EXERCISE PROMPT> The stretch from the line with "sublocale prob_space P" through the line with "unfolding random_space_eq_PiM using sets_M" in the records below: write it out exactly, and nothing else.

Extracted data entries>

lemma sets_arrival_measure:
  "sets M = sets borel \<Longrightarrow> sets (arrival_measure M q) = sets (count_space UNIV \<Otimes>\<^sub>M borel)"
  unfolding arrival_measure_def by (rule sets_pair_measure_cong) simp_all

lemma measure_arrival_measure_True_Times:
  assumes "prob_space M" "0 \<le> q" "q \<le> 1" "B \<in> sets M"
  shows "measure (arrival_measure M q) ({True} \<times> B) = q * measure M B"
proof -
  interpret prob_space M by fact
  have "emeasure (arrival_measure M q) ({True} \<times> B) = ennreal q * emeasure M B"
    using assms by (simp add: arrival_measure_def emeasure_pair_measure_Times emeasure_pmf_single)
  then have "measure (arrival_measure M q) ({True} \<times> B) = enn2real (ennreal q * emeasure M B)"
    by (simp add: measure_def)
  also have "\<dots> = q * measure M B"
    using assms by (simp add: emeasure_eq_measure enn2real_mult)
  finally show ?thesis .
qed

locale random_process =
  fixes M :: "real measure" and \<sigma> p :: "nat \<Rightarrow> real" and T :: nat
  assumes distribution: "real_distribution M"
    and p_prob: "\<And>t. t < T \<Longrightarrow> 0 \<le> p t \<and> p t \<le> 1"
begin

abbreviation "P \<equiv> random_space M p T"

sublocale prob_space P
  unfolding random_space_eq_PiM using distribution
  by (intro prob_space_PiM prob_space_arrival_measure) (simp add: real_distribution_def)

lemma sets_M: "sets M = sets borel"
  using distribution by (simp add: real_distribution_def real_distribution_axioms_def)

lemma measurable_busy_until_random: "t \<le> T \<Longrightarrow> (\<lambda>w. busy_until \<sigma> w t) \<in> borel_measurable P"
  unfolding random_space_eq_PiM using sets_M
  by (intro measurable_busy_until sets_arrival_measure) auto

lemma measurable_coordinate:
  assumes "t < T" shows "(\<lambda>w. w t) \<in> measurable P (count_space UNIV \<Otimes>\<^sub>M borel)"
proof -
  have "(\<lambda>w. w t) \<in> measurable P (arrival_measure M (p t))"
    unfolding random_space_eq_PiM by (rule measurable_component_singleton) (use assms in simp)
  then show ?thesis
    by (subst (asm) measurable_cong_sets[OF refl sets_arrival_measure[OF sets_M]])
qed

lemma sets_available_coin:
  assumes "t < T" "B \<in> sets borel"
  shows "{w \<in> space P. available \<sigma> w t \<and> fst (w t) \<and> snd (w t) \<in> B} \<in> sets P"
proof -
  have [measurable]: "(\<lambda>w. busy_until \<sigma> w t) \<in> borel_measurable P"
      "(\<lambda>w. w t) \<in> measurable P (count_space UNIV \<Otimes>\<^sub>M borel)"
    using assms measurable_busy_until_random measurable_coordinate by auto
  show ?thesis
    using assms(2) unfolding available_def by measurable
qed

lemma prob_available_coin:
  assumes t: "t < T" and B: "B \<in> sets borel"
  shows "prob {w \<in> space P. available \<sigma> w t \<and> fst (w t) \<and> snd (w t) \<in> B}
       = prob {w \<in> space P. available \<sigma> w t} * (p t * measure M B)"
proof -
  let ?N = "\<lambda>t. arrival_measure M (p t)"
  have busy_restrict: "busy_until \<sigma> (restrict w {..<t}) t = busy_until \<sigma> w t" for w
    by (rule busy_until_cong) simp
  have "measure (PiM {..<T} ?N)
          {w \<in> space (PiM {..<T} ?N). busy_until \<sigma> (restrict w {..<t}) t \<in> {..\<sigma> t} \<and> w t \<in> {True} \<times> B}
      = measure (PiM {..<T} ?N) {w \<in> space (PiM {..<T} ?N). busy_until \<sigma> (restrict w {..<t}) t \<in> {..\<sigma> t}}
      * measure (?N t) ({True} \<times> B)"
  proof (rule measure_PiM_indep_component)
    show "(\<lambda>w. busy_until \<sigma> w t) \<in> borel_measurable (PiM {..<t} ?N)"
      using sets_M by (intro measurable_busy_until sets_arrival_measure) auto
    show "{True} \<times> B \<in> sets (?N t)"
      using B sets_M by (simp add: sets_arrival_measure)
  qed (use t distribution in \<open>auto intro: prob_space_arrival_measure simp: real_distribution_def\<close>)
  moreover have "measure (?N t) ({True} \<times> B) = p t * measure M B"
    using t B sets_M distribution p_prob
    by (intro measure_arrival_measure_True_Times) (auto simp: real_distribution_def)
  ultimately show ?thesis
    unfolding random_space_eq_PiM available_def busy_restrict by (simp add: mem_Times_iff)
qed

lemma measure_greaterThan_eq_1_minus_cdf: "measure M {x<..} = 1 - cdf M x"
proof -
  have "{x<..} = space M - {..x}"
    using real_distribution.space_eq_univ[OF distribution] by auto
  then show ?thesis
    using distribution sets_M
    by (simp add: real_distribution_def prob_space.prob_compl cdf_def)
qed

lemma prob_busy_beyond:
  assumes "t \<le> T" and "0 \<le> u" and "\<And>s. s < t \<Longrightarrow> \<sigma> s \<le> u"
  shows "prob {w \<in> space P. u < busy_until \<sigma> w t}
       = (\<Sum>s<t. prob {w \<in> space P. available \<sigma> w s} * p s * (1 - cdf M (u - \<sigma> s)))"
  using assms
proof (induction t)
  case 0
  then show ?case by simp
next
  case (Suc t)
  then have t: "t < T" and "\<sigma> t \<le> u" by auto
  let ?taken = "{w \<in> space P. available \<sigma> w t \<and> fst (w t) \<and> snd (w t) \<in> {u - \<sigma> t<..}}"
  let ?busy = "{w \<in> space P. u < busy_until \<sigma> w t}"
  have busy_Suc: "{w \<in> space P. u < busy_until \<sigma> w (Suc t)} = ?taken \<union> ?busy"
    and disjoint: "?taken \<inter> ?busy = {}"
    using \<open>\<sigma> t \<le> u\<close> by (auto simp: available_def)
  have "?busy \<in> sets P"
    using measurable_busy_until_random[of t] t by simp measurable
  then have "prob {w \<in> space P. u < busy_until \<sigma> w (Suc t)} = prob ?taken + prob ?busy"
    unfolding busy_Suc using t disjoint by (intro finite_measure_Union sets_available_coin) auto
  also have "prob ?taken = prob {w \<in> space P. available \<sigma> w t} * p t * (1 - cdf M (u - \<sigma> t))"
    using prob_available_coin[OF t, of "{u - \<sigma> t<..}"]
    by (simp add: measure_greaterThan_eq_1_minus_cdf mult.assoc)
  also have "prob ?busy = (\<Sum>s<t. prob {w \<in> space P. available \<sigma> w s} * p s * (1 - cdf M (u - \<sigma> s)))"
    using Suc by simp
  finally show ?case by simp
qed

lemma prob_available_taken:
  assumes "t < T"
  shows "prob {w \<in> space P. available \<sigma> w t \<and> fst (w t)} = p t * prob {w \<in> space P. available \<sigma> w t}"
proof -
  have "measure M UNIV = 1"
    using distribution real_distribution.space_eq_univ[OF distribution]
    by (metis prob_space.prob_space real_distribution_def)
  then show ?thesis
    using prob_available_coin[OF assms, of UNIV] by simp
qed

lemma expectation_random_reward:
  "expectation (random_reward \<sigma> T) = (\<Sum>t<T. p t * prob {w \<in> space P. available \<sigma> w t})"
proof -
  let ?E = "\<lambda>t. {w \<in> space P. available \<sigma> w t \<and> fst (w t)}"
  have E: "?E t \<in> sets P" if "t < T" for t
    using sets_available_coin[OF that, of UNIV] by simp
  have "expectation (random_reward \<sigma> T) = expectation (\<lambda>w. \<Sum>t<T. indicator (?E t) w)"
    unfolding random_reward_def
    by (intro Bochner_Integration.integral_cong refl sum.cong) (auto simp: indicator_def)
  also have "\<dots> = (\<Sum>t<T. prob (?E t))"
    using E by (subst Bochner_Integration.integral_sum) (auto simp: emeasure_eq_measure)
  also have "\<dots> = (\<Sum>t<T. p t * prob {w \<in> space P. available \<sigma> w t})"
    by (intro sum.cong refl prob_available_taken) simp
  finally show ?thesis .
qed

...

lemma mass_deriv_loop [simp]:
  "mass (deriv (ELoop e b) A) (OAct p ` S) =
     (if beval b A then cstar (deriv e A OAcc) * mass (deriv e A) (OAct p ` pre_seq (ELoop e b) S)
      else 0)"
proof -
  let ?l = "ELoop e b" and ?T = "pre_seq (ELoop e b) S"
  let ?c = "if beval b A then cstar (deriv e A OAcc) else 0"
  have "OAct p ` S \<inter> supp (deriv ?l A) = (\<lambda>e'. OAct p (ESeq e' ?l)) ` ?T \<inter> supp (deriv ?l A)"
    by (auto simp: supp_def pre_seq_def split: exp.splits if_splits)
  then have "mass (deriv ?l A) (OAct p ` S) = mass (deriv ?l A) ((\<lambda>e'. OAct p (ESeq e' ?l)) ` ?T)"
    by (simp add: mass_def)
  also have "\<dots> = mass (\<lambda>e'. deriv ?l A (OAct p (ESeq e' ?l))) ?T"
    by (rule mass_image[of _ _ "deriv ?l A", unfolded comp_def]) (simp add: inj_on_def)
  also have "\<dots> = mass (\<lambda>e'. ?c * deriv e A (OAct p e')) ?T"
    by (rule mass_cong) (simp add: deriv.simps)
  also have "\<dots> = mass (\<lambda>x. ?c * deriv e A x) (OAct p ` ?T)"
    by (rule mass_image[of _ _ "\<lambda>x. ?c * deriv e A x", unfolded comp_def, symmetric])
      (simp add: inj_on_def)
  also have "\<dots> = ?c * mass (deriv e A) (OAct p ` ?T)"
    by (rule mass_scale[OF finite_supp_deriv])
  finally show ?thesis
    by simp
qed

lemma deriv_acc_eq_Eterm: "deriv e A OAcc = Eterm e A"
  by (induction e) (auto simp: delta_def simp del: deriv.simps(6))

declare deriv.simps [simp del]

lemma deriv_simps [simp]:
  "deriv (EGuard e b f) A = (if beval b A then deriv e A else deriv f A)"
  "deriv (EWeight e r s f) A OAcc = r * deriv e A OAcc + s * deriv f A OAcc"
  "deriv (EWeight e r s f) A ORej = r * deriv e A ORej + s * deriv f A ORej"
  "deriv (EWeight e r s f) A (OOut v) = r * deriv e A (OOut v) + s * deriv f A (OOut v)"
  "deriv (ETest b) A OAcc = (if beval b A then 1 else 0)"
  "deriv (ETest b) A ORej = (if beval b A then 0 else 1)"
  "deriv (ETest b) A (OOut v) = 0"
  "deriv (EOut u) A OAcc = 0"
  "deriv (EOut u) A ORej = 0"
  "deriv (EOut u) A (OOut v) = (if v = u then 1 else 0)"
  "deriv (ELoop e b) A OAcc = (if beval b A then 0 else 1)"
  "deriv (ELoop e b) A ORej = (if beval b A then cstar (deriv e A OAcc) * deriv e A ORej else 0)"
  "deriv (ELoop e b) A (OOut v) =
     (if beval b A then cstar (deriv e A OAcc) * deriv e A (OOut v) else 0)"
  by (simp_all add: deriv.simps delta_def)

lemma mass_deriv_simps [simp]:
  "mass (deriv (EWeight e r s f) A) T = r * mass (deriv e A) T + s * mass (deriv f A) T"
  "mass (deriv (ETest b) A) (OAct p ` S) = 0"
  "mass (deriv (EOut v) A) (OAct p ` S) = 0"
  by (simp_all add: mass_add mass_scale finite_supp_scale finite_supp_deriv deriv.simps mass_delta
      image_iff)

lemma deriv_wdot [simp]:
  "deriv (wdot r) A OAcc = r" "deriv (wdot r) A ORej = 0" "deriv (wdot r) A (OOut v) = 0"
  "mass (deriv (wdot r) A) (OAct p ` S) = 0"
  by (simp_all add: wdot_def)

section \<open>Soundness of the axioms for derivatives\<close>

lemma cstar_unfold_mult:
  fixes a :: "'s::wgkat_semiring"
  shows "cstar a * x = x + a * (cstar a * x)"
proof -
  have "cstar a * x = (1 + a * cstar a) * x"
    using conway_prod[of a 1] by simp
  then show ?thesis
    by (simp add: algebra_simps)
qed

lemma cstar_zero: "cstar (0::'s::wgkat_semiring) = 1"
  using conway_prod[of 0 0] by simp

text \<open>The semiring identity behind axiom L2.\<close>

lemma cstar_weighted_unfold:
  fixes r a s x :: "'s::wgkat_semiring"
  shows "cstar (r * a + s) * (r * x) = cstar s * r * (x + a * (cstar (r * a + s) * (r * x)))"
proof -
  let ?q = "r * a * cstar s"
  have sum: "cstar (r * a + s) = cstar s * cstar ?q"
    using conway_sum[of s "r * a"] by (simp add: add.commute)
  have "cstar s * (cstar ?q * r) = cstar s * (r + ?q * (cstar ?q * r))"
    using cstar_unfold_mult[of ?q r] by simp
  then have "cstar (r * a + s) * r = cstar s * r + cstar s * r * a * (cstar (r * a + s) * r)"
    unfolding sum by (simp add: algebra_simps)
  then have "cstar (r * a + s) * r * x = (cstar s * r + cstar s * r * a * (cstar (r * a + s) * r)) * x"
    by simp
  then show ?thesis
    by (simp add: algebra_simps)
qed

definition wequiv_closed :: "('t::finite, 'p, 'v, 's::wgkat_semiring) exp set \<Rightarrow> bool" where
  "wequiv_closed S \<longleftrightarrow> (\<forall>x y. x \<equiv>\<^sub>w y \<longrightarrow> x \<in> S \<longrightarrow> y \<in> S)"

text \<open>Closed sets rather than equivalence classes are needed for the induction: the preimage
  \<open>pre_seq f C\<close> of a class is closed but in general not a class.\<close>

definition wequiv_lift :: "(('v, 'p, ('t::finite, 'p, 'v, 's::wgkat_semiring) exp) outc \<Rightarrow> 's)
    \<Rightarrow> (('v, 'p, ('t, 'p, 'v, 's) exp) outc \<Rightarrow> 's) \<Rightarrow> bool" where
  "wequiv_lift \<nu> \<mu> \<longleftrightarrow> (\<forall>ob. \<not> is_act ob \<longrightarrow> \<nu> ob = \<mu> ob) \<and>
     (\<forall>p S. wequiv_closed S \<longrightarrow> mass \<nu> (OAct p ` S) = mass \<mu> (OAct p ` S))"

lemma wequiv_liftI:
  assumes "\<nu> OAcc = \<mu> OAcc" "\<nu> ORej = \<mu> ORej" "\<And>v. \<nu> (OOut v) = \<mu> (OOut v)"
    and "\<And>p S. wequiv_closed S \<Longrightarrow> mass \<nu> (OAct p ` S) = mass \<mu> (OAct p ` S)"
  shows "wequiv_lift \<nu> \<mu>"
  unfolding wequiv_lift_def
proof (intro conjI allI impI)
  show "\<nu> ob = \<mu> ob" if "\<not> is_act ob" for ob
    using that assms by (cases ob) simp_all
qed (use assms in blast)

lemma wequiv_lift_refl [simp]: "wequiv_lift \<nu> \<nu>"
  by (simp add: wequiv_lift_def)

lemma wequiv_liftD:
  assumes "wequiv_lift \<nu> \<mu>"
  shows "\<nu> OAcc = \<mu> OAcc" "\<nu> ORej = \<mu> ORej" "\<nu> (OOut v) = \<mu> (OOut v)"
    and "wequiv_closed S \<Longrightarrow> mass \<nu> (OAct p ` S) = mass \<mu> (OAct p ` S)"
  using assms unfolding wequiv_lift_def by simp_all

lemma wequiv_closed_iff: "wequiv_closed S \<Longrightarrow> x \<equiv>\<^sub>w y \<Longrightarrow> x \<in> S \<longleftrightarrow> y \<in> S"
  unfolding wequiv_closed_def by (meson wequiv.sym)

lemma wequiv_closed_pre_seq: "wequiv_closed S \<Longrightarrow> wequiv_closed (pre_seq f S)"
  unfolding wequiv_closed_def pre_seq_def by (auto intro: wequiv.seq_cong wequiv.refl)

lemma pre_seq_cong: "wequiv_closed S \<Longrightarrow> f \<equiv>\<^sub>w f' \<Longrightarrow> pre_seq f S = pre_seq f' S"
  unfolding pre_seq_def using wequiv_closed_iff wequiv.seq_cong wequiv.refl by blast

RESPONSE TO THE TASK>
sublocale prob_space P
  unfolding random_space_eq_PiM using distribution
  by (intro prob_space_PiM prob_space_arrival_measure) (simp add: real_distribution_def)

lemma sets_M: "sets M = sets borel"
  using distribution by (simp add: real_distribution_def real_distribution_axioms_def)

lemma measurable_busy_until_random: "t \<le> T \<Longrightarrow> (\<lambda>w. busy_until \<sigma> w t) \<in> borel_measurable P"
  unfolding random_space_eq_PiM using sets_M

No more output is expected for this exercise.